__Exercise goal__. Take the line that contains "v \<in> carrier_vec" as the first and the last line of the material as the final one; set down exactly the lines in that span.

__Material supplied__.
┌──
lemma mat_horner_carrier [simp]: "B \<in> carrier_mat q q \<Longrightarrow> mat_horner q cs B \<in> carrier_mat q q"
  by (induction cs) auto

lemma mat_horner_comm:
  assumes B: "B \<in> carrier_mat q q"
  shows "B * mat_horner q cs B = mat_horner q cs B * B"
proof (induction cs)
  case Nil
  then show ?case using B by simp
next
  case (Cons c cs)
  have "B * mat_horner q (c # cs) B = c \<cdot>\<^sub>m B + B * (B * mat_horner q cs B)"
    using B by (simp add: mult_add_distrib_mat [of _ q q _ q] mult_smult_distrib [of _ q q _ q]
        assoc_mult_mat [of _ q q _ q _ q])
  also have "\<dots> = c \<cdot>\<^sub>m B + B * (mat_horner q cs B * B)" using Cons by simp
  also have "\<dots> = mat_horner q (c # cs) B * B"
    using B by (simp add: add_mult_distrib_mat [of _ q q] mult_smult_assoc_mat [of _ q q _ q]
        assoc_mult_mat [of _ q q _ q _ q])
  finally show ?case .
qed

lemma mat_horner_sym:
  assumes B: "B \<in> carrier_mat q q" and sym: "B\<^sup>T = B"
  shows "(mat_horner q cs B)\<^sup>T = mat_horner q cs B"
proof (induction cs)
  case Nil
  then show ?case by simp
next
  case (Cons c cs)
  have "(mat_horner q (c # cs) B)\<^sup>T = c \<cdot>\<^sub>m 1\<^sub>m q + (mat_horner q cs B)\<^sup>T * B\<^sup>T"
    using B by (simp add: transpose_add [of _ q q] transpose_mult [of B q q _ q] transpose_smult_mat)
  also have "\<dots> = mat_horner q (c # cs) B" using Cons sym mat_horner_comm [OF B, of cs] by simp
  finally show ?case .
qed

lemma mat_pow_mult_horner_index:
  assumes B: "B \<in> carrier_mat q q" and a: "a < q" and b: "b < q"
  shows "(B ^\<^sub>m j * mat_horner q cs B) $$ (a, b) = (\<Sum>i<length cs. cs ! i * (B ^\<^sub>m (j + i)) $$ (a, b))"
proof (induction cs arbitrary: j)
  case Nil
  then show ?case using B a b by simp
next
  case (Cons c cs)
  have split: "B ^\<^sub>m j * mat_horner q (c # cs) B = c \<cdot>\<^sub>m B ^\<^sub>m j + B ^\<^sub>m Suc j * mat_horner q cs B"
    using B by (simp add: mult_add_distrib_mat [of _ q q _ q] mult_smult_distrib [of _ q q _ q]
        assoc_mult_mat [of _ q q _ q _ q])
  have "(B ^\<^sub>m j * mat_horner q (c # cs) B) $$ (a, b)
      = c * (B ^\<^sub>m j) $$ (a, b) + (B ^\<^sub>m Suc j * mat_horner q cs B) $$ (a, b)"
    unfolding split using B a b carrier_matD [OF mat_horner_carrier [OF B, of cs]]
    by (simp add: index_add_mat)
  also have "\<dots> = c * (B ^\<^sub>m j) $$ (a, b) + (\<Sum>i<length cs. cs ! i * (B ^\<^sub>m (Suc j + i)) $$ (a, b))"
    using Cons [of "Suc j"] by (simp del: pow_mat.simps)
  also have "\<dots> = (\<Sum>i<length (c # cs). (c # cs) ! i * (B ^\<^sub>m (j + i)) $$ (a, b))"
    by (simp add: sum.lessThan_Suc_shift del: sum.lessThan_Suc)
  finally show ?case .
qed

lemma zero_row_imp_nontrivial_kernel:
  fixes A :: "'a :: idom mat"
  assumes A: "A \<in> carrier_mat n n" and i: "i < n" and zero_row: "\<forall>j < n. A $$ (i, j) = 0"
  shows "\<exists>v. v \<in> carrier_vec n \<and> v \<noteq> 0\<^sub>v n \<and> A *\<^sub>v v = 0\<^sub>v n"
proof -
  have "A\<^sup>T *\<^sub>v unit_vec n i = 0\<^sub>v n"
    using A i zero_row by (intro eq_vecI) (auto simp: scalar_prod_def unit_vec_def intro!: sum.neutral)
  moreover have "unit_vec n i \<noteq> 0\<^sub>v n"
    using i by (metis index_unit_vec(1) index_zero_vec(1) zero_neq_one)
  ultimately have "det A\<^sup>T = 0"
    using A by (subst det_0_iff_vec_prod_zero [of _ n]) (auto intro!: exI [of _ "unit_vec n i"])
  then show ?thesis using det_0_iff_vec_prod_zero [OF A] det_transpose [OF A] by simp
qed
└──
__Response to the exercise__.
  shows "\<exists>v. v \<in> carrier_vec n \<and> v \<noteq> 0\<^sub>v n \<and> A *\<^sub>v v = 0\<^sub>v n"
proof -
  have "A\<^sup>T *\<^sub>v unit_vec n i = 0\<^sub>v n"
    using A i zero_row by (intro eq_vecI) (auto simp: scalar_prod_def unit_vec_def intro!: sum.neutral)
  moreover have "unit_vec n i \<noteq> 0\<^sub>v n"
    using i by (metis index_unit_vec(1) index_zero_vec(1) zero_neq_one)
  ultimately have "det A\<^sup>T = 0"
    using A by (subst det_0_iff_vec_prod_zero [of _ n]) (auto intro!: exI [of _ "unit_vec n i"])
  then show ?thesis using det_0_iff_vec_prod_zero [OF A] det_transpose [OF A] by simp
qed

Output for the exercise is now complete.